Bug 1083060 - Only use the XOW policy for Window and Location. r=bz
authorBobby Holley <bobbyholley@gmail.com>
Fri, 17 Oct 2014 16:17:03 +0200
changeset 211045 ba0373a2af17c17e65456136dd8d2f03aea2fabd
parent 211044 78f725c6441db73e22b886040a0782f11478bbe0
child 211046 a483e89f4b2197fe44cd689c87048246088d6fe4
push id1
push userroot
push dateMon, 20 Oct 2014 17:29:22 +0000
reviewersbz
bugs1083060
milestone36.0a1
Bug 1083060 - Only use the XOW policy for Window and Location. r=bz
js/xpconnect/wrappers/WrapperFactory.cpp
--- a/js/xpconnect/wrappers/WrapperFactory.cpp
+++ b/js/xpconnect/wrappers/WrapperFactory.cpp
@@ -362,17 +362,17 @@ DEBUG_CheckUnwrapSafety(HandleObject obj
     }
 }
 #else
 #define DEBUG_CheckUnwrapSafety(obj, handler, origin, target) {}
 #endif
 
 static const Wrapper *
 SelectWrapper(bool securityWrapper, bool wantXrays, XrayType xrayType,
-              bool waiveXrays, bool originIsXBLScope)

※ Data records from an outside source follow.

(* Let $m\le n$ be positive integers, let $\mathbf{a}=(a_1,\dots,a_m)$ be integers with $n=a_1>a_2>\cdots>a_m\ge 1$, and let $\boldsymbol{\varepsilon}=(\varepsilon_1,\dots,\varepsilon_m)\in\{0,1\}^m$. For $0\le k\le n$, let $f(\mathbf{a},\boldsymbol{\varepsilon},k)$ be the number of nonintersecting chord diagrams $F$ in the multiset $\mathcal{NCD}(E(\mathbf{a},\boldsymbol{\varepsilon}))$ (counted with multiplicity) with $e_F(Y)+e_F(X\cup Z)=k$. Let $g(\mathbf{a},\boldsymbol{\varepsilon},k)$ be the number of $0$-$1$ Young diagrams $M$ of shape $\mathbf{a}$ such that (1) every column of $M$ contains at most one $1$; (2) for each $1\le i\le m$, the number of $1$'s in the $i$th row of $M$ is congruent to $\varepsilon_i$ modulo $2$; (3) $M$ contains exactly $k$ entries equal to $1$. Then $f(\mathbf{a},\boldsymbol{\varepsilon},k)=g(\mathbf{a},\boldsymbol{\varepsilon},k)$.
   Context: A chord is a line segment whose endpoints lie on a circle; a chord diagram is a set of chords no two of which share an endpoint. A crossing is a pair of chords that intersect in the interior of the disk; a chord diagram is nonintersecting if it has no crossing. If $E$ has a crossing $S=\{ac,bd\}$ where $a,b,c,d$ appear in this cyclic order on the circle, the chord expansion of $E$ with respect to $S$ replaces $E$ by the two chord diagrams $E_1=(E\setminus S)\cup\{ab,cd\}$ and $E_2=(E\setminus S)\cup\{da,bc\}$. Iterating expansions until no crossings remain yields a multiset of nonintersecting chord diagrams, which is known to be independent of the choices of expansions; it is denoted $\mathcal{NCD}(E)$. For a chord diagram $F$ and a set $U$ of points, $e_F(U)$ is the number of chords of $F$ with both endpoints in $U$. Construction of $E(\mathbf{a},\boldsymbol{\varepsilon})$: take points $X=\{x_1,\dots,x_m\}$, $Y=\{y_1,\dots,y_n\}$, $Z=\{z_1,\dots,z_n\}$ placed on the circle in the anticlockwise order $x_1,x_2,\dots,x_m,z_1,z_2,\dots,z_n,y_n,y_{n-1},\dots,y_1$. Then $E(\mathbf{a},\boldsymbol{\varepsilon})=\{x_iy_{a_i}: \varepsilon_i=0\}\cup\{x_iz_{a_i}:\varepsilon_i=1\}\cup\{y_jz_j: j\in\{1,\dots,n\}\setminus\{a_1,\dots,a_m\}\}$, a chord diagram with $n$ chords (unused points are ignored). A $0$-$1$ Young diagram of shape $\mathbf{a}$ is a Young diagram with rows of lengths $a_1,\dots,a_m$ (left-justified, English convention) in which each box holds a value $0$ or $1$. *)

theory Defs
  imports Main "HOL-Library.Multiset"
begin
(* Let $\alpha\ge\tfrac12$ and $1\le p<\infty$. There is a constant $C>0$ depending only on $\alpha$ and $p$ such that for every measurable $f$ on $\mathbb{R}_+$, $\sup_{y\in\mathbb{R}_+}\Big(\int_{\mathbb{R}_+}|f|^p\,\tau_y\mathbf{1}_{[0,1]}\,d\omega_\alpha\Big)^{1/p}\le C\,\|f\|_{p,\infty}.$
   Context: Fix $\alpha\geq\tfrac12$. The Bessel–Kingman hypergroup is $(\mathbb{R}_+,*_\alpha)$ with Haar measure $\omega_\alpha(dz)=z^{2\alpha+1}dz$ and, for $x,y>0$, $\varepsilon_x*_\alpha\varepsilon_y(f)=\int_{|x-y|}^{x+y}K_\alpha(x,y,z)f(z)z^{2\alpha+1}dz$ with $K_\alpha(x,y,z)=C_\Gamma\frac{[(z^2-(x-y)^2)((x+y)^2-z^2)]^{\alpha-1/2}}{(xyz)^{2\alpha}}$, $C_\Gamma=\frac{\Gamma(\alpha+1)}{\Gamma(1/2)\Gamma(\alpha+1/2)2^{2\alpha-1}}$; $\varepsilon_0$ is the identity. The translation is $\tau_yf(x)=\varepsilon_x*_\alpha\varepsilon_y(f)$ (so $\tau_0f=f$). Let $I_n=[n-1,n)$, $\omega_n=\omega_\alpha(I_n)$, and $\|f\|_{p,\infty}=\sup_{n\ge1}\big(\frac1{\omega_n}\int_{I_n}|f|^pd\omega_\alpha\big)^{1/p}$. *)

theory Defs
  imports "HOL-Analysis.Analysis"
begin

text \<open>Bessel--Kingman hypergroup on R_+ = [0,\<infinity>), alpha \<ge> 1/2.\<close>

definition C_Gamma :: "real \<Rightarrow> real" where
  "C_Gamma \<alpha> = Gamma (\<alpha> + 1) / (Gamma (1/2) * Gamma (\<alpha> + 1/2) * 2 powr (2*\<alpha> - 1))"

definition K_alpha :: "real \<Rightarrow> real \<Rightarrow> real \<Rightarrow> real \<Rightarrow> real" where
  "K_alpha \<alpha> x y z =
     C_Gamma \<alpha> * ((z\<^sup>2 - (x - y)\<^sup>2) * ((x + y)\<^sup>2 - z\<^sup>2)) powr (\<alpha> - 1/2)
       / (x * y * z) powr (2*\<alpha>)"
(* Let $\mathbb{T}$ be a partial tableau and let $n$ be an internal node of $\mathbb{T}$. If every child of $n$ is valid, then $n$ is valid.
   Context: Fix a set $\Sigma$ and a countably infinite set $\mathrm{Var}$ of propositional variables. An LTS is $\mathcal T=(\mathcal S,\to)$ with ${\to}\subseteq\mathcal S\times\Sigma\times\mathcal S$; for $K\subseteq\Sigma$ write $s\xrightarrow{K}s'$ if $s\xrightarrow{a}s'$ for some $a\in K$. A valuation is $\mathcal V:\mathrm{Var}\to 2^{\mathcal S}$. Formulas: $\Phi::=Z\mid\neg\Phi\mid\Phi_1\wedge\Phi_2\mid[K]\Phi\mid\nu Z.\Phi$ ($K\subseteq\Sigma$, $Z\in\mathrm{Var}$), well-formed if in each subformula $\nu Z.\Phi$ every free occurrence of $Z$ in $\Phi$ is under an even number of negations. Derived: $\Phi_1\vee\Phi_2=\neg(\neg\Phi_1\wedge\neg\Phi_2)$, $\langle K\rangle\Phi=\neg[K]\neg\Phi$, $\mu Z.\Phi=\neg\nu Z.\neg\Phi[Z:=\neg Z]$. Semantics: $[\![Z]\!]_{\mathcal V}=\mathcal V(Z)$, $[\![\neg\Phi]\!]_{\mathcal V}=\mathcal S\setminus[\![\Phi]\!]_{\mathcal V}$, $[\![\Phi_1\wedge\Phi_2]\!]_{\mathcal V}=[\![\Phi_1]\!]_{\mathcal V}\cap[\![\Phi_2]\!]_{\mathcal V}$, $[\![[K]\Phi]\!]_{\mathcal V}=\{s\mid\forall s'.\ s\xrightarrow{K}s'\Rightarrow s'\in[\![\Phi]\!]_{\mathcal V}\}$, $[\![\nu Z.\Phi]\!]_{\mathcal V}=\bigcup\{S'\subseteq\mathcal S\mid S'\subseteq[\![\Phi]\!]_{\mathcal V[Z:=S']}\}$. A formula is in positive normal form if built from $Z,\neg Z,\wedge,\vee,[K],\langle K\rangle,\nu,\mu$ (negation only on variables). Substitution is capture-free. A definition list is a finite sequence $\Delta=(U_1=\Phi_1)\cdots(U_n=\Phi_n)$ of distinct $U_i\in\mathrm{Var}$ and formulas $\Phi_i$ such that no $U_i$ occurs bound in any $\Phi_j$ and $U_j$ is not free in $\Phi_i$ when $i\le j$; $\Delta(U_i)=\Phi_i$, $\mathrm{dom}(\Delta)=\{U_1,\dots,U_n\}$. Valuation extension: $\mathcal V[\varepsilon]=\mathcal V$, $\mathcal V[(U=\Phi)\cdot\Delta]=(\mathcal V[U:=[\![\Phi]\!]_{\mathcal V}])[\Delta]$. A sequent $S\vdash^{\mathcal T}_{\mathcal V,\Delta}\Phi$ consists of $S\subseteq\mathcal S$, a definition list $\Delta$ and a formula $\Phi$ in positive normal form in which every $U\in\mathrm{dom}(\Delta)$ is positive and not bound; its semantics is $[\![\Phi]\!]_{\mathcal V[\Delta]}$, and it is valid iff $S\subseteq[\![\Phi]\!]_{\mathcal V[\Delta]}$. Proof rules (conclusion; premises in order), all with the same $\mathcal T,\mathcal V$: ($\wedge$) $S\vdash_\Delta\Phi_1\wedge\Phi_2$; $S\vdash_\Delta\Phi_1$, $S\vdash_\Delta\Phi_2$. ($\vee$) $S\vdash_\Delta\Phi_1\vee\Phi_2$; $S_1\vdash_\Delta\Phi_1$, $S_2\vdash_\Delta\Phi_2$ where $S=S_1\cup S_2$. ($[K]$) $S\vdash_\Delta[K]\Phi$; $S'\vdash_\Delta\Phi$ with $S'=\{s'\mid\exists s\in S.\ s\xrightarrow{K}s'\}$. ($\langle K\rangle$, with witness function $f:S\to\mathcal S$ such that $s\xrightarrow{K}f(s)$ for all $s\in S$) $S\vdash_\Delta\langle K\rangle\Phi$; $f(S)\vdash_\Delta\Phi$. ($\sigma Z$, $\sigma\in\{\mu,\nu\}$) $S\vdash_\Delta\sigma Z.\Phi$; $S\vdash_{\Delta\cdot(U=\sigma Z.\Phi)}U$ with $U$ fresh (not used elsewhere in the tree). (Un) $S\vdash_\Delta U$; $S\vdash_\Delta\Phi[Z:=U]$ where $\Delta(U)=\sigma Z.\Phi$. (Thin) $S\vdash_\Delta\Phi$; $S'\vdash_\Delta\Phi$ where $S\subseteq S'$. A partial tableau is a finite nonempty ordered tree whose nodes are labelled by sequents over fixed $\mathcal T,\mathcal V$, where every internal node is labelled by a rule application (a rule name, together with a witness function in the case of $\langle K\rangle$) such that the node's sequent and its children's sequents (in order) form an instance of that rule, and leaves carry no rule application. A node is valid iff its sequent is valid. *)

theory Defs
  imports Main
begin

type_synonym var = nat

datatype 'a fm =
    FVar var
  | FNeg "'a fm"
  | FAnd "'a fm" "'a fm"
  | FBox "'a set" "'a fm"
  | FNu var "'a fm"

(* It is capture-free in all uses below: for [Z := neg Z] trivially, and for
   [Z := U] because definition lists forbid U to occur bound. *)
primrec subst :: "'a fm \<Rightarrow> var \<Rightarrow> 'a fm \<Rightarrow> 'a fm" where
  "subst (FVar X) Z t = (if X = Z then t else FVar X)"
| "subst (FNeg p) Z t = FNeg (subst p Z t)"
| "subst (FAnd p q) Z t = FAnd (subst p Z t) (subst q Z t)"
| "subst (FBox K p) Z t = FBox K (subst p Z t)"
| "subst (FNu X p) Z t = (if X = Z then FNu X p else FNu X (subst p Z t))"

definition f_or :: "'a fm \<Rightarrow> 'a fm \<Rightarrow> 'a fm" where
  "f_or p q = FNeg (FAnd (FNeg p) (FNeg q))"

definition f_dia :: "'a set \<Rightarrow> 'a fm \<Rightarrow> 'a fm" where
  "f_dia K p = FNeg (FBox K (FNeg p))"

definition f_mu :: "var \<Rightarrow> 'a fm \<Rightarrow> 'a fm" where
  "f_mu Z p = FNeg (FNu Z (FNeg (subst p Z (FNeg (FVar Z)))))"

primrec fvars :: "'a fm \<Rightarrow> var set" where
  "fvars (FVar X) = {X}"
| "fvars (FNeg p) = fvars p"
| "fvars (FAnd p q) = fvars p \<union> fvars q"
| "fvars (FBox K p) = fvars p"
| "fvars (FNu X p) = fvars p - {X}"

primrec bvars :: "'a fm \<Rightarrow> var set" where
  "bvars (FVar X) = {}"
| "bvars (FNeg p) = bvars p"
| "bvars (FAnd p q) = bvars p \<union> bvars q"
| "bvars (FBox K p) = bvars p"
| "bvars (FNu X p) = insert X (bvars p)"

primrec allvars :: "'a fm \<Rightarrow> var set" where
  "allvars (FVar X) = {X}"
| "allvars (FNeg p) = allvars p"
| "allvars (FAnd p q) = allvars p \<union> allvars q"
| "allvars (FBox K p) = allvars p"
| "allvars (FNu X p) = insert X (allvars p)"

primrec parity_ok :: "bool \<Rightarrow> var \<Rightarrow> 'a fm \<Rightarrow> bool" where
  "parity_ok b Z (FVar X) = (X = Z \<longrightarrow> b)"
| "parity_ok b Z (FNeg p) = parity_ok (\<not> b) Z p"
| "parity_ok b Z (FAnd p q) = (parity_ok b Z p \<and> parity_ok b Z q)"
| "parity_ok b Z (FBox K p) = parity_ok b Z p"
| "parity_ok b Z (FNu X p) = (X = Z \<or> parity_ok b Z p)"

abbreviation positive :: "var \<Rightarrow> 'a fm \<Rightarrow> bool" where
  "positive Z p \<equiv> parity_ok True Z p"

primrec wf_fm :: "'a fm \<Rightarrow> bool" where
  "wf_fm (FVar X) = True"
| "wf_fm (FNeg p) = wf_fm p"
| "wf_fm (FAnd p q) = (wf_fm p \<and> wf_fm q)"
| "wf_fm (FBox K p) = wf_fm p"
| "wf_fm (FNu Z p) = (positive Z p \<and> wf_fm p)"

inductive pnf :: "'a fm \<Rightarrow> bool" where
  pnf_var: "pnf (FVar Z)"
| pnf_negvar: "pnf (FNeg (FVar Z))"
| pnf_and: "pnf p \<Longrightarrow> pnf q \<Longrightarrow> pnf (FAnd p q)"
| pnf_or: "pnf p \<Longrightarrow> pnf q \<Longrightarrow> pnf (f_or p q)"
| pnf_box: "pnf p \<Longrightarrow> pnf (FBox K p)"
| pnf_dia: "pnf p \<Longrightarrow> pnf (f_dia K p)"
| pnf_nu: "pnf p \<Longrightarrow> pnf (FNu Z p)"
| pnf_mu: "pnf p \<Longrightarrow> pnf (f_mu Z p)"

type_synonym ('s, 'a) lts = "('s \<times> 'a \<times> 's) set"

definition stepK :: "('s, 'a) lts \<Rightarrow> 's \<Rightarrow> 'a set \<Rightarrow> 's \<Rightarrow> bool" where
  "stepK T s K s' = (\<exists>a\<in>K. (s, a, s') \<in> T)"

primrec sem :: "('s, 'a) lts \<Rightarrow> (var \<Rightarrow> 's set) \<Rightarrow> 'a fm \<Rightarrow> 's set" where
  "sem T V (FVar Z) = V Z"
| "sem T V (FNeg p) = UNIV - sem T V p"
| "sem T V (FAnd p q) = sem T V p \<inter> sem T V q"
| "sem T V (FBox K p) = {s. \<forall>s'. stepK T s K s' \<longrightarrow> s' \<in> sem T V p}"
| "sem T V (FNu Z p) = \<Union> {S'. S' \<subseteq> sem T (V(Z := S')) p}"

type_synonym 'a deflist = "(var \<times> 'a fm) list"

definition wf_deflist :: "'a deflist \<Rightarrow> bool" where
  "wf_deflist D \<longleftrightarrow>
     distinct (map fst D)
   \<and> (\<forall>(U, p) \<in> set D. wf_fm p)
   \<and> (\<forall>i < length D. \<forall>j < length D. fst (D ! i) \<notin> bvars (snd (D ! j)))
   \<and> (\<forall>i < length D. \<forall>j < length D. i \<le> j \<longrightarrow> fst (D ! j) \<notin> fvars (snd (D ! i)))"

primrec ext_val :: "('s, 'a) lts \<Rightarrow> (var \<Rightarrow> 's set) \<Rightarrow> 'a deflist \<Rightarrow> (var \<Rightarrow> 's set)" where
  "ext_val T V [] = V"
| "ext_val T V (d # D) = ext_val T (V(fst d := sem T V (snd d))) D"

(* sequents S |-_D Phi *)
type_synonym ('s, 'a) sequent = "'s set \<times> 'a deflist \<times> 'a fm"

definition is_sequent :: "('s, 'a) sequent \<Rightarrow> bool" where
  "is_sequent sq \<longleftrightarrow> (case sq of (S, D, p) \<Rightarrow>
      wf_deflist D \<and> wf_fm p \<and> pnf p
    \<and> (\<forall>U \<in> set (map fst D). positive U p \<and> U \<notin> bvars p))"

definition valid_seq :: "('s, 'a) lts \<Rightarrow> (var \<Rightarrow> 's set) \<Rightarrow> ('s, 'a) sequent \<Rightarrow> bool" where
  "valid_seq T V sq \<longleftrightarrow> (case sq of (S, D, p) \<Rightarrow> S \<subseteq> sem T (ext_val T V D) p)"

definition seq_vars :: "('s, 'a) sequent \<Rightarrow> var set" where
  "seq_vars sq = (case sq of (S, D, p) \<Rightarrow>
      allvars p \<union> set (map fst D) \<union> (\<Union>(U, q) \<in> set D. allvars q))"

(* proof rules; the diamond rule carries its witness function *)
datatype 's rule = RAnd | ROr | RBox | RDia "'s \<Rightarrow> 's" | RSigma | RUn | RThin

fun rule_inst :: "('s, 'a) lts \<Rightarrow> 's rule \<Rightarrow> ('s, 'a) sequent \<Rightarrow> ('s, 'a) sequent list \<Rightarrow> bool" where
  "rule_inst T RAnd (S, D, phi) prems =
     (\<exists>p q. phi = FAnd p q \<and> prems = [(S, D, p), (S, D, q)])"
| "rule_inst T ROr (S, D, phi) prems =
     (\<exists>p q S1 S2. phi = f_or p q \<and> S = S1 \<union> S2 \<and> prems = [(S1, D, p), (S2, D, q)])"
| "rule_inst T RBox (S, D, phi) prems =
     (\<exists>K p. phi = FBox K p \<and> prems = [({s'. \<exists>s\<in>S. stepK T s K s'}, D, p)])"
| "rule_inst T (RDia f) (S, D, phi) prems =
     (\<exists>K p. phi = f_dia K p \<and> (\<forall>s\<in>S. stepK T s K (f s)) \<and> prems = [(f ` S, D, p)])"
| "rule_inst T RSigma (S, D, phi) prems =
     (\<exists>Z p U. (phi = FNu Z p \<or> phi = f_mu Z p) \<and> prems = [(S, D @ [(U, phi)], FVar U)])"
| "rule_inst T RUn (S, D, phi) prems =
     (\<exists>U Z p. phi = FVar U \<and> (map_of D U = Some (FNu Z p) \<or> map_of D U = Some (f_mu Z p))
              \<and> prems = [(S, D, subst p Z (FVar U))])"
| "rule_inst T RThin (S, D, phi) prems =
     (\<exists>S'. S \<subseteq> S' \<and> prems = [(S', D, phi)])"

datatype ('s, 'a) tableau = Node "('s, 'a) sequent" "'s rule option" "('s, 'a) tableau list"

primrec label :: "('s, 'a) tableau \<Rightarrow> ('s, 'a) sequent" where
  "label (Node sq r cs) = sq"

primrec rule_of :: "('s, 'a) tableau \<Rightarrow> 's rule option" where
  "rule_of (Node sq r cs) = r"

primrec children :: "('s, 'a) tableau \<Rightarrow> ('s, 'a) tableau list" where
  "children (Node sq r cs) = cs"

fun node_at :: "('s, 'a) tableau \<Rightarrow> nat list \<Rightarrow> ('s, 'a) tableau option" where
  "node_at t [] = Some t"
| "node_at (Node sq r cs) (i # p) = (if i < length cs then node_at (cs ! i) p else None)"

definition positions :: "('s, 'a) tableau \<Rightarrow> nat list set" where
  "positions t = {p. node_at t p \<noteq> None}"

definition internal :: "('s, 'a) tableau \<Rightarrow> bool" where
  "internal n \<longleftrightarrow> rule_of n \<noteq> None"

fun locally_ok :: "('s, 'a) lts \<Rightarrow> ('s, 'a) tableau \<Rightarrow> bool" where
  "locally_ok T (Node sq None cs) = (is_sequent sq \<and> cs = [])"
| "locally_ok T (Node sq (Some r) cs) =
     (is_sequent sq \<and> rule_inst T r sq (map label cs))"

+              bool waiveXrays, bool originIsXBLScope, JSObject *obj)
 {
     // Waived Xray uses a modified CCW that has transparent behavior but
     // transitively waives Xrays on arguments.
     if (waiveXrays) {
         MOZ_ASSERT(!securityWrapper);
         return &WaiveXrayWrapper::singleton;
     }
 
@@ -393,29 +393,29 @@ SelectWrapper(bool securityWrapper, bool
             return &PermissiveXrayDOM::singleton;
         else if (xrayType == XrayForJSObject)
             return &PermissiveXrayJS::singleton;
         MOZ_ASSERT(xrayType == XrayForOpaqueObject);
         return &PermissiveXrayOpaque::singleton;
     }
 
     // This is a security wrapper. Use the security versions and filter.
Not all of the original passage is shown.